- Education: University of Bristol (BSc) University of Glasgow (PhD)
- Awards: Bicentenary Medal of the Linnean Society Ebbe Nielsen Prize
- Scientific career
- Fields: Biodiversity Informatics Entomology Taxonomy Lice
- Workplaces: Natural History Museum, London, Illinois Natural History Survey, University of Glasgow
- Thesis: Avian louse phylogeny (Phthiraptera: Ischnocera) (2000)
- Website: vsmith.info

= Vince Smith (cybertaxonomist) =

British entomologist

Vince Smith (Vincent Stuart Smith) is a British entomologist and biodiversity informatician at the Natural History Museum, London.

== Education and career ==
Smith completed a bachelor's degree at the University of Bristol, before completing a PhD at the University of Glasgow specialising on parasitic lice (Phthiraptera). He went on to research host-parasite evolution at the University of Glasgow and then the Illinois Natural History Survey, where he helped develop the Biocorder laboratory management software. In 2006, he joined the Natural History Museum, London, as a cybertaxonomist, before becoming a Research Leader in Informatics in 2012 (a position he still holds).

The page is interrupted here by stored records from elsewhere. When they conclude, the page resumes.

lemma L1s_density_mult_integrable:
  assumes D: "D \<subseteq> densities M" and W: "W \<in> L1s M D"
  obtains K where "\<And>q. q \<in> D \<Longrightarrow> integrable M (\<lambda>x. q x * W x)"
    and "\<And>q. q \<in> D \<Longrightarrow> (\<integral>x. \<bar>q x * W x\<bar> \<partial>M) \<le> K"
proof -
  have [measurable]: "W \<in> borel_measurable M" using W by (simp add: L1s_def)
  obtain N :: nat where N: "\<And>q. q \<in> D \<Longrightarrow>
      (\<integral>\<^sup>+x. ennreal (if \<bar>W x\<bar> > real N then q x * \<bar>W x\<bar> else 0) \<partial>M) < ennreal 1"
    using L1s_tail_uniform_nn[OF W, of 1] by auto
  have *: "integrable M (\<lambda>x. q x * W x) \<and> (\<integral>x. \<bar>q x * W x\<bar> \<partial>M) \<le> real N + 1"
    if "q \<in> D" for q
  proof -
    note q = densitiesD[OF subsetD[OF D that]]
    note [measurable] = q(1)
    have "(\<integral>\<^sup>+x. ennreal \<bar>q x * W x\<bar> \<partial>M) \<le>
        (\<integral>\<^sup>+x. ennreal (real N * q x) + ennreal (if \<bar>W x\<bar> > real N then q x * \<bar>W x\<bar> else 0) \<partial>M)"
    proof (rule nn_integral_mono)
      fix x assume "x \<in> space M"
      then have "\<bar>q x * W x\<bar> \<le> real N * q x + (if \<bar>W x\<bar> > real N then q x * \<bar>W x\<bar> else 0)"
        using q(2) mult_left_mono[of "\<bar>W x\<bar>" "real N" "q x"] by (auto simp: abs_mult mult.commute)
      with \<open>x \<in> space M\<close> show "ennreal \<bar>q x * W x\<bar> \<le>
          ennreal (real N * q x) + ennreal (if \<bar>W x\<bar> > real N then q x * \<bar>W x\<bar> else 0)"
        using q(2) by (simp add: ennreal_leI flip: ennreal_plus)
    qed
    also have "\<dots> = ennreal (real N) +
        (\<integral>\<^sup>+x. ennreal (if \<bar>W x\<bar> > real N then q x * \<bar>W x\<bar> else 0) \<partial>M)"
      using q by (simp add: nn_integral_add nn_integral_eq_integral)
    also have "\<dots> \<le> ennreal (real N + 1)"
      using N[OF that] by (simp add: ennreal_plus)
    finally have bound: "(\<integral>\<^sup>+x. ennreal \<bar>q x * W x\<bar> \<partial>M) \<le> ennreal (real N + 1)" .
    then have "integrable M (\<lambda>x. q x * W x)"
      by (intro integrableI_bounded) (auto simp: top_unique less_top[symmetric])
    moreover have "(\<integral>x. \<bar>q x * W x\<bar> \<partial>M) \<le> real N + 1"
      using bound by (simp add: integral_eq_nn_integral enn2real_leI)
    ultimately show ?thesis ..
  qed
  then show ?thesis using that by blast
qed

lemma L1s_tail_uniform:
  assumes D: "D \<subseteq> densities M" and W: "W \<in> L1s M D" and "0 < e"
  shows "\<exists>N::nat. \<forall>q\<in>D. (\<integral>x. (if \<bar>W x\<bar> > real N then q x * \<bar>W x\<bar> else 0) \<partial>M) < e"
proof -
  have [measurable]: "W \<in> borel_measurable M" using W by (simp add: L1s_def)
  obtain N :: nat where N: "\<And>q. q \<in> D \<Longrightarrow>
      (\<integral>\<^sup>+x. ennreal (if \<bar>W x\<bar> > real N then q x * \<bar>W x\<bar> else 0) \<partial>M) < ennreal e"
    using L1s_tail_uniform_nn[OF W \<open>0 < e\<close>] by auto
  have "(\<integral>x. (if \<bar>W x\<bar> > real N then q x * \<bar>W x\<bar> else 0) \<partial>M) < e" if q: "q \<in> D" for q
  proof (rule integral_less_of_nn_integral_less[OF _ _ N[OF q]])
    have [measurable]: "q \<in> borel_measurable M" using densitiesD(1) q D by auto
    show "(\<lambda>x. if \<bar>W x\<bar> > real N then q x * \<bar>W x\<bar> else 0) \<in> borel_measurable M" by measurable
    show "AE x in M. 0 \<le> (if \<bar>W x\<bar> > real N then q x * \<bar>W x\<bar> else 0)"
      by (intro AE_I2) (simp add: densitiesD(2)[OF subsetD[OF D q]])
  qed
  then show ?thesis by blast
qed

lemma L1s_integral_bdd_below:
  assumes "D \<subseteq> densities M" and "W \<in> L1s M D"
  shows "bdd_below ((\<lambda>q. \<integral>x. q x * W x \<partial>M) ` D)"
proof -
  obtain K where K: "\<And>q. q \<in> D \<Longrightarrow> (\<integral>x. \<bar>q x * W x\<bar> \<partial>M) \<le> K"
    using L1s_density_mult_integrable[OF assms] by blast
  have "- K \<le> (\<integral>x. q x * W x \<partial>M)" if "q \<in> D" for q
    using integral_abs_bound[of M "\<lambda>x. q x * W x"] K[OF that] by linarith
  then show ?thesis by (auto intro!: bdd_belowI[of _ "- K"])
qed

lemma abs_diff_mult_le_truncation:
  fixes a b w N :: real
  assumes "0 \<le> a" "0 \<le> b" "0 \<le> N"
  shows "\<bar>(a - b) * w\<bar> \<le> N * \<bar>a - b\<bar>
    + (if \<bar>w\<bar> > N then a * \<bar>w\<bar> else 0) + (if \<bar>w\<bar> > N then b * \<bar>w\<bar> else 0)"
proof (cases "\<bar>w\<bar> > N")
  case True
  have "\<bar>a - b\<bar> * \<bar>w\<bar> \<le> (a + b) * \<bar>w\<bar>" using assms by (intro mult_right_mono) auto
  moreover have "0 \<le> N * \<bar>a - b\<bar>" using assms by simp
  ultimately show ?thesis using True by (simp add: abs_mult distrib_right)
next
  case False
  then have "\<bar>a - b\<bar> * \<bar>w\<bar> \<le> \<bar>a - b\<bar> * N" by (intro mult_left_mono) auto
  then show ?thesis using False by (simp add: abs_mult mult.commute)
qed

lemma abs_integral_mult_diff_le_truncation:
  assumes q1: "q1 \<in> densities M" and q2: "q2 \<in> densities M" and [measurable]: "W \<in> borel_measurable M"
    and int1: "integrable M (\<lambda>x. q1 x * W x)" and int2: "integrable M (\<lambda>x. q2 x * W x)" and "0 \<le> c"
  shows "\<bar>(\<integral>x. q1 x * W x \<partial>M) - (\<integral>x. q2 x * W x \<partial>M)\<bar> \<le> c * (\<integral>x. \<bar>q1 x - q2 x\<bar> \<partial>M)
    + (\<integral>x. (if \<bar>W x\<bar> > c then q1 x * \<bar>W x\<bar> else 0) \<partial>M)
    + (\<integral>x. (if \<bar>W x\<bar> > c then q2 x * \<bar>W x\<bar> else 0) \<partial>M)"
proof -
  note d1 = densitiesD[OF q1] and d2 = densitiesD[OF q2]
  have int_tail: "integrable M (\<lambda>x. if \<bar>W x\<bar> > c then q x * \<bar>W x\<bar> else 0)"
    if "q \<in> densities M" "integrable M (\<lambda>x. q x * W x)" for q
  proof (rule Bochner_Integration.integrable_bound[OF that(2)])
    note [measurable] = densitiesD(1)[OF that(1)]
    show "(\<lambda>x. if \<bar>W x\<bar> > c then q x * \<bar>W x\<bar> else 0) \<in> borel_measurable M" by measurable
    show "AE x in M. norm (if \<bar>W x\<bar> > c then q x * \<bar>W x\<bar> else 0) \<le> norm (q x * W x)"
      using densitiesD(2)[OF that(1)] by (auto simp: abs_mult)
  qed
  note int_tails = int_tail[OF q1 int1] int_tail[OF q2 int2]
  have int_diff: "integrable M (\<lambda>x. \<bar>q1 x - q2 x\<bar>)"
    using d1(3) d2(3) by auto
  have int_diff_W: "integrable M (\<lambda>x. (q1 x - q2 x) * W x)"
    using int1 int2 by (simp add: left_diff_distrib)
  have "\<bar>(\<integral>x. q1 x * W x \<partial>M) - (\<integral>x. q2 x * W x \<partial>M)\<bar> = \<bar>\<integral>x. (q1 x - q2 x) * W x \<partial>M\<bar>"
    using int1 int2 by (simp add: left_diff_distrib)
  also have "\<dots> \<le> (\<integral>x. \<bar>(q1 x - q2 x) * W x\<bar> \<partial>M)"
    by (rule integral_abs_bound)
  also have "\<dots> \<le> (\<integral>x. c * \<bar>q1 x - q2 x\<bar> + (if \<bar>W x\<bar> > c then q1 x * \<bar>W x\<bar> else 0)
      + (if \<bar>W x\<bar> > c then q2 x * \<bar>W x\<bar> else 0) \<partial>M)"
    using int_diff int_diff_W int_tails d1(2) d2(2) \<open>0 \<le> c\<close>
    by (intro integral_mono abs_diff_mult_le_truncation) auto
  also have "\<dots> = c * (\<integral>x. \<bar>q1 x - q2 x\<bar> \<partial>M)
      + (\<integral>x. (if \<bar>W x\<bar> > c then q1 x * \<bar>W x\<bar> else 0) \<partial>M)
      + (\<integral>x. (if \<bar>W x\<bar> > c then q2 x * \<bar>W x\<bar> else 0) \<partial>M)"
    using int_diff int_tails by simp
  finally show ?thesis .
qed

Smith was one of the founding editors of the Biodiversity Data Journal and has led several large EU science projects including SYNTHESYS+ and ViBRANT.

== Research ==
Smith's current research interest is in the field of biodiversity informatics including work relating to implementing Biodiversity Information Standards (TDWG), development of the museum's Data Portal to make collections available online, as well as methods for digitising museum specimens. Informatics projects for the broader community include development of the Scratchpads virtual research environment and the eMonocot project.